The survey will be designed based on existing literature. A panel of experts will be involved in the survey design, including social scientists and ethicists (for informing how questions are framed), a statistician (for the sampling strategy and the development of measurement scales and scoring schemes), a data manager (for survey development and data extractions), and a group of researchers and data users (for piloting). We will use the cognitive debriefing method to pilot the survey among respondents who are similar to the target population. The pilot testing group will be selected purposively for practical reasons and will include individuals from diverse research areas, career levels, and geographical locations. During the pilot, we will check the comprehension of each question; the ability to recall answers; and whether questions are appropriate, are clear, and have sufficient response options. Feedback from the pilot phase will be incorporated in the final survey before deployment for data collection. To achieve demographic diversity, the survey will be translated into other languages, such as Spanish, French, and Portuguese. We will translate the survey by following the TRAPD (Translation, Review, Adjudication, Pretesting, and Documentation) model [31]. Professional translators will perform the initial translations before a review by bilingual individuals. To guarantee that the translated survey accurately represents the intended meaning, it will be pretested with native speakers who are comparable to the target audience.

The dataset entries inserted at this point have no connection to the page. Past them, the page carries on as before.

(* In the FHMA network described below with a fixed integer number of sub-bands $N\ge 2$, consider the normalized mean local delay $\frac{D(N)}{\log_2(1+\theta)}$ as a function of the SINR threshold $\theta>0$, and let $\theta_{\mathrm{opt}}$ denote its minimizer. (i) In the noise-limited regime (interference neglected, i.e. $D(N)=N\exp\left(\frac{\theta r_0^\alpha WN_0}{N}\right)$), $$\theta_{\mathrm{opt}}=\exp\left(\mathcal{W}\left(\frac{N}{r_0^{\alpha}WN_0}\right)\right)-1,$$ where $\mathcal{W}$ is the Lambert $\mathcal{W}$ function, i.e. $\mathcal{W}(z)e^{\mathcal{W}(z)}=z$. (ii) In the interference-limited regime (noise neglected, $N_0=0$), $$\theta_{\mathrm{opt}}\in\left(b_0^{-1/(\delta+1)}-1,\ b_0^{-1/\delta}\right),\qquad b_0=\lambda c_d r_0^d\delta C(\delta)(N-1)^{\delta-1}N^{-\delta}.$$
   Context: Model: transmitters form a homogeneous Poisson point process $\Phi$ of intensity $\lambda>0$ in $\mathbb{R}^d$; the typical receiver is at the origin and its desired transmitter $x_0\in\Phi$ is at distance $r_0>0$; probabilities are under the Palm distribution at $x_0$. Time is slotted. Path loss $\kappa r^{-\alpha}$ with $\alpha>d$, $\delta=d/\alpha\in(0,1)$. Power fading coefficients are i.i.d. exponential with mean $1$ over transmitters and slots, independent of everything. Unit power, always backlogged transmitters. Bandwidth $W$, noise power spectral density $N_r$, $N_0=N_r/\kappa$, SINR threshold $\theta>0$. $c_d$ is the volume of the unit ball in $\mathbb{R}^d$, $C(\delta)=\Gamma(1+\delta)\Gamma(1-\delta)=\frac{\pi\delta}{\sin(\pi\delta)}$. FHMA with $N$ sub-bands: each transmitter $x$ independently picks a sub-band $\mathcal{S}_k(x)$ uniformly from $\{1,\dots,N\}$ in each slot $k$; $\mathrm{SINR}_k=\frac{h_{k,x_0}r_0^{-\alpha}}{WN_0/N+\sum_{x\in\Phi\setminus\{x_0\}}h_{k,x}|x|^{-\alpha}\mathbf{1}(\mathcal{S}_k(x)=\mathcal{S}_k(x_0))}$; a slot is successful if $\mathrm{SINR}_k>\theta$; the local delay is the number of slots until the $N$-th successful slot and $D(N)$ (depending on $\theta$) is its mean, which equals $N\exp\left(\frac{\lambda c_d r_0^d\theta^{\delta}C(\delta)}{(N-1)^{1-\delta}N^{\delta}}+\frac{\theta r_0^\alpha WN_0}{N}\right)$. The normalization by $\log_2(1+\theta)$ accounts for slot duration proportional to $1/\log_2(1+\theta)$. *)

theory Defs
  imports "HOL-Analysis.Analysis"
begin

text \<open>Principal branch of the Lambert W function on [-1/e, inf):
  the unique w >= -1 with w * exp w = z.\<close>
definition lambertW :: "real \<Rightarrow> real" where
  "lambertW z = (THE w. w \<ge> -1 \<and> w * exp w = z)"

definition Cdelta :: "real \<Rightarrow> real" where
  "Cdelta \<delta> = Gamma (1 + \<delta>) * Gamma (1 - \<delta>)"

text \<open>Parameters: lam (intensity), d (dimension), alpha (path loss exponent),
  r0 (link distance), W (bandwidth), N0 (noise N_r / kappa).
  c_d = unit_ball_vol d, delta = d / alpha.\<close>
definition fhma_delay ::
  "real \<Rightarrow> nat \<Rightarrow> real \<Rightarrow> real \<Rightarrow> real \<Rightarrow> real \<Rightarrow> nat \<Rightarrow> real \<Rightarrow> real" where
  "fhma_delay lam d \<alpha> r0 W N0 N \<theta> =
     (let \<delta> = real d / \<alpha> in
      real N * exp (lam * unit_ball_vol (real d) * r0 powr (real d) * \<theta> powr \<delta> * Cdelta \<delta>
                     / ((real N - 1) powr (1 - \<delta>) * real N powr \<delta>)
                   + \<theta> * r0 powr \<alpha> * W * N0 / real N))"

definition fhma_delay_noise :: "real \<Rightarrow> real \<Rightarrow> real \<Rightarrow> real \<Rightarrow> nat \<Rightarrow> real \<Rightarrow> real" where
  "fhma_delay_noise \<alpha> r0 W N0 N \<theta> = real N * exp (\<theta> * r0 powr \<alpha> * W * N0 / real N)"

definition normalized :: "(real \<Rightarrow> real) \<Rightarrow> real \<Rightarrow> real" where
  "normalized D \<theta> = D \<theta> / log 2 (1 + \<theta>)"

definition minimizers :: "(real \<Rightarrow> real) \<Rightarrow> real set" where
  "minimizers f = {\<theta>. \<theta> > 0 \<and> (\<forall>t>0. f \<theta> \<le> f t)}"

end

theory Submission
  imports Defs
begin

text \<open>For \<open>\<theta> > 0\<close> both normalized delays have the form \<open>N ln 2 exp (G \<theta>)\<close> with
  \<open>G \<theta> = A \<theta>^\<delta> - ln (ln (1 + \<theta>))\<close>, where \<open>\<delta> = 1\<close> in the noise-limited case. With
  \<open>k \<theta> = (1 + \<theta>) ln (1 + \<theta>)\<close>, the derivative \<open>G' \<theta>\<close> has the sign of
  \<open>\<theta>^(\<delta> - 1) k \<theta> - 1 / (\<delta> A)\<close>, and \<open>\<theta>^(\<delta> - 1) k \<theta> = \<theta>^\<delta> (k \<theta> / \<theta>)\<close> is strictly
  increasing because \<open>k \<theta> / \<theta>\<close> is. Hence the unique minimizer is the root of
  \<open>\<theta>^(\<delta> - 1) k \<theta> = 1 / (\<delta> A)\<close>. For \<open>\<delta> = 1\<close> the substitution \<open>1 + \<theta> = exp w\<close> turns
  this equation into \<open>w exp w = 1 / A\<close>, so \<open>w\<close> is the Lambert W value. In general
  \<open>\<theta> < k \<theta> < \<theta> (1 + \<theta>)\<close> squeezes \<open>\<theta>^(\<delta> - 1) k \<theta>\<close> between \<open>\<theta>^\<delta>\<close> and
  \<open>(1 + \<theta>)^(\<delta> + 1)\<close>, which brackets the root.\<close>

lemma DERIV_sign_change_imp_strict_min:
  fixes G g h :: "real \<Rightarrow> real"
  assumes "t0 > 0"
    and G': "\<And>x. x > 0 \<Longrightarrow> (G has_real_derivative g x * (h x - h t0)) (at x)"
    and g_pos: "\<And>x. x > 0 \<Longrightarrow> g x > 0"
    and h: "strict_mono_on {0<..} h"
    and "x > 0" "x \<noteq> t0"
  shows "G t0 < G x"
proof -
  have cont: "continuous_on {a..b} G" if "a > 0" for a b
    using G' that by (intro DERIV_continuous_on[of _ _ "\<lambda>x. g x * (h x - h t0)"])
      (auto intro: has_field_derivative_at_within)
  have sign: "0 < y \<Longrightarrow> y < t0 \<Longrightarrow> g y * (h y - h t0) < 0"
     "t0 < y \<Longrightarrow> g y * (h y - h t0) > 0" for y
    using g_pos[of y] strict_mono_onD[OF h, of y t0] strict_mono_onD[OF h, of t0 y] \<open>t0 > 0\<close>
    by (auto simp: mult_pos_neg)
  consider "x < t0" | "t0 < x" using \<open>x \<noteq> t0\<close> by linarith
  then show ?thesis
  proof cases
    case 1
    show ?thesis
      by (rule DERIV_neg_imp_decreasing_open[OF 1 _ cont[OF \<open>x > 0\<close>]])
        (use G' sign(1) \<open>x > 0\<close> in force)
  next
    case 2
    show ?thesis
      by (rule DERIV_pos_imp_increasing_open[OF 2 _ cont[OF \<open>t0 > 0\<close>]])
        (use G' sign(2) \<open>t0 > 0\<close> in \<open>meson less_trans\<close>)
  qed
qed

lemma minimizers_exp_eq_singleton:
  fixes F G :: "real \<Rightarrow> real"
  assumes "c > 0" "t0 > 0"
    and F: "\<And>x. x > 0 \<Longrightarrow> F x = c * exp (G x)"
    and G_lt: "\<And>x. x > 0 \<Longrightarrow> x \<noteq> t0 \<Longrightarrow> G t0 < G x"
  shows "minimizers F = {t0}"
proof -
  have F_lt: "F t0 < F x" if "x > 0" "x \<noteq> t0" for x
    using G_lt[OF that] F[OF that(1)] F[OF \<open>t0 > 0\<close>] \<open>c > 0\<close> by simp
  show ?thesis
    unfolding minimizers_def
  proof safe
    fix x assume x: "x > 0" and min: "\<forall>t>0. F x \<le> F t"
    show "x = t0"
    proof (rule ccontr)
      assume "x \<noteq> t0"
      with F_lt[OF x this] min \<open>t0 > 0\<close> show False by (meson not_le)
    qed
  next
    fix t :: real assume "t > 0"
    then show "F t0 \<le> F t" using F_lt[of t] by (cases "t = t0") auto
  qed (use \<open>t0 > 0\<close> in simp)
qed

lemma mult_exp_strict_mono_on: "strict_mono_on {-1..} (\<lambda>x::real. x * exp x)"
proof (rule strict_mono_onI)
  fix x y :: real assume "x \<in> {-1..}" "x < y"
  show "x * exp x < y * exp y"
  proof (rule DERIV_pos_imp_increasing_open[OF \<open>x < y\<close>])
    fix t assume "x < t" "t < y"
    then have "(1 + t) * exp t > 0" using \<open>x \<in> {-1..}\<close> by simp
    moreover have "((\<lambda>x. x * exp x) has_real_derivative (1 + t) * exp t) (at t)"
      by (auto intro!: derivative_eq_intros simp: algebra_simps)
    ultimately show "\<exists>d. ((\<lambda>x. x * exp x) has_real_derivative d) (at t) \<and> d > 0" by blast
  qed (intro continuous_intros)
qed

lemma lambertW_mult_exp:
  assumes "u \<ge> -1"
  shows "lambertW (u * exp u) = u"
  unfolding lambertW_def
proof (rule the_equality)
  fix w assume "w \<ge> -1 \<and> w * exp w = u * exp u"
  with assms show "w = u"
    using strict_mono_on_imp_inj_on[OF mult_exp_strict_mono_on] by (auto dest: inj_onD)
qed (use assms in simp)

lemma less_one_plus_mult_ln:
  fixes x :: real
  assumes "x > 0"
  shows "x < (1 + x) * ln (1 + x)"
proof -
  define f where "f y = (1 + y) * ln (1 + y) - y" for y :: real
  have "f 0 < f x"
  proof (rule DERIV_pos_imp_increasing_open[OF \<open>x > 0\<close>])
    fix y :: real assume "0 < y" "y < x"
    then show "\<exists>d. (f has_real_derivative d) (at y) \<and> d > 0"
      unfolding f_def
      by (intro exI[of _ "ln (1 + y)"]) (auto intro!: derivative_eq_intros simp: field_simps)
  qed (auto simp: f_def intro!: continuous_intros)
  then show ?thesis by (simp add: f_def)
qed

lemma one_plus_mult_ln_div_strict_mono:
  "strict_mono_on {0<..} (\<lambda>x::real. (1 + x) * ln (1 + x) / x)"
proof (rule strict_mono_onI)
  fix x y :: real assume "x \<in> {0<..}" "x < y"
  show "(1 + x) * ln (1 + x) / x < (1 + y) * ln (1 + y) / y"
  proof (rule DERIV_pos_imp_increasing[OF \<open>x < y\<close>])
    fix t assume "x \<le> t" "t \<le> y"
    with \<open>x \<in> {0<..}\<close> have "t > 0" by simp
    have D: "((\<lambda>t. (1 + t) * ln (1 + t) / t) has_real_derivative
            ((ln (1 + t) + 1) * t - (1 + t) * ln (1 + t)) / t\<^sup>2) (at t)"
      using \<open>t > 0\<close> by (auto intro!: derivative_eq_intros simp: power2_eq_square)
    have "((ln (1 + t) + 1) * t - (1 + t) * ln (1 + t)) / t\<^sup>2 = (t - ln (1 + t)) / t\<^sup>2"
      by (simp add: algebra_simps)
    with D have "((\<lambda>t. (1 + t) * ln (1 + t) / t) has_real_derivative (t - ln (1 + t)) / t\<^sup>2) (at t)"
      by simp
    moreover have "(t - ln (1 + t)) / t\<^sup>2 > 0"
      using ln_add_one_self_less_self[OF \<open>t > 0\<close>] \<open>t > 0\<close> by simp
    ultimately show "\<exists>d. ((\<lambda>t. (1 + t) * ln (1 + t) / t) has_real_derivative d) (at t) \<and> d > 0"
      by blast
  qed
qed

lemma powr_mult_one_plus_mult_ln_eq:
  fixes x \<delta> :: real
  assumes "x > 0"
  shows "x powr (\<delta> - 1) * ((1 + x) * ln (1 + x)) = x powr \<delta> * ((1 + x) * ln (1 + x) / x)"
  using assms by (simp add: powr_diff)

lemma powr_mult_one_plus_mult_ln_bounds:
  fixes x \<delta> :: real
  assumes "x > 0"
  shows "x powr \<delta> < x powr (\<delta> - 1) * ((1 + x) * ln (1 + x))"
    and "x powr (\<delta> - 1) * ((1 + x) * ln (1 + x)) < x powr \<delta> * (1 + x)"
proof -
  have "1 < (1 + x) * ln (1 + x) / x"
    using less_one_plus_mult_ln[OF assms] assms by simp
  from mult_strict_left_mono[OF this, of "x powr \<delta>"]
  show "x powr \<delta> < x powr (\<delta> - 1) * ((1 + x) * ln (1 + x))"
    unfolding powr_mult_one_plus_mult_ln_eq[OF assms] using assms by simp
  have "(1 + x) * ln (1 + x) < (1 + x) * x"
    using ln_add_one_self_less_self[OF assms] assms by simp
  then have "(1 + x) * ln (1 + x) / x < 1 + x"
    using assms by (simp add: divide_less_eq)
  from mult_strict_left_mono[OF this, of "x powr \<delta>"]
  show "x powr (\<delta> - 1) * ((1 + x) * ln (1 + x)) < x powr \<delta> * (1 + x)"
    unfolding powr_mult_one_plus_mult_ln_eq[OF assms] using assms by simp
qed

lemma powr_mult_one_plus_mult_ln_strict_mono:
  fixes \<delta> :: real
  assumes "\<delta> > 0"
  shows "strict_mono_on {0<..} (\<lambda>x. x powr (\<delta> - 1) * ((1 + x) * ln (1 + x)))"
proof (rule strict_mono_onI)
  fix x y :: real assume "x \<in> {0<..}" "x < y"
  then have "x > 0" "y > 0" by simp_all
  have "x powr \<delta> * ((1 + x) * ln (1 + x) / x) < y powr \<delta> * ((1 + y) * ln (1 + y) / y)"
  proof (rule mult_strict_mono)
    show "x powr \<delta> < y powr \<delta>"
      using \<open>x > 0\<close> \<open>x < y\<close> \<open>\<delta> > 0\<close> by (simp add: powr_less_mono2)
    show "(1 + x) * ln (1 + x) / x < (1 + y) * ln (1 + y) / y"
      using strict_mono_onD[OF one_plus_mult_ln_div_strict_mono] \<open>x > 0\<close> \<open>x < y\<close> by simp
  qed (use \<open>x > 0\<close> \<open>y > 0\<close> in simp_all)
  then show "x powr (\<delta> - 1) * ((1 + x) * ln (1 + x)) < y powr (\<delta> - 1) * ((1 + y) * ln (1 + y))"
    by (simp only: powr_mult_one_plus_mult_ln_eq[OF \<open>x > 0\<close>] powr_mult_one_plus_mult_ln_eq[OF \<open>y > 0\<close>])
qed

The survey instrument focuses on the following four main areas: respondents’ demographics, the nature of data use, challenges with data use, and interventions to enhance data use (Multimedia Appendices 1-5). Conditional logic will be applied to display nested questions that are dependent on the respondents’ previous answers. For example, respondents who have published results that are based on secondary analyses will be asked to indicate the number of publications generated from those analyses. Similarly, questions on the history of data use will not be displayed for nonusers.

To reach the target population, the survey will be advertised on forums for researchers and secondary data users, such as the Global Health Network and the COVID-19 Clinical Research Coalition; in conferences; and through the collaborating institutions’ social media platforms. Participants will also be encouraged to share the survey with their colleagues. The survey will be conducted globally. The data will be reviewed after the number of recruited participants reaches one-third (132/400, 33%) of the target sample size to monitor the distribution of respondents by geographical location, research area, and occupation. The results of the review will be used to strategize the advertisement and distribution of the survey to target specific groups.

Interviews

Semistructured in-depth interviews will be conducted with 20 to 40 data users or until a state of data saturation is reached. Data saturation occurs when further interviews no longer produce new insights or themes [32]. Considering limitations on travel and on holding meetings resulting from the COVID-19 pandemic, we will primarily use web-based or remote methods for data collection. In-person interviews may be conducted when it is safe to do so, in compliance with local regulations.

The inclusion criteria are as follows: (1) individuals aged ≥18 years, (2) researchers or professionals using clinical research data shared by other researchers for secondary purposes, and (3) those who provide consent to participate in the study.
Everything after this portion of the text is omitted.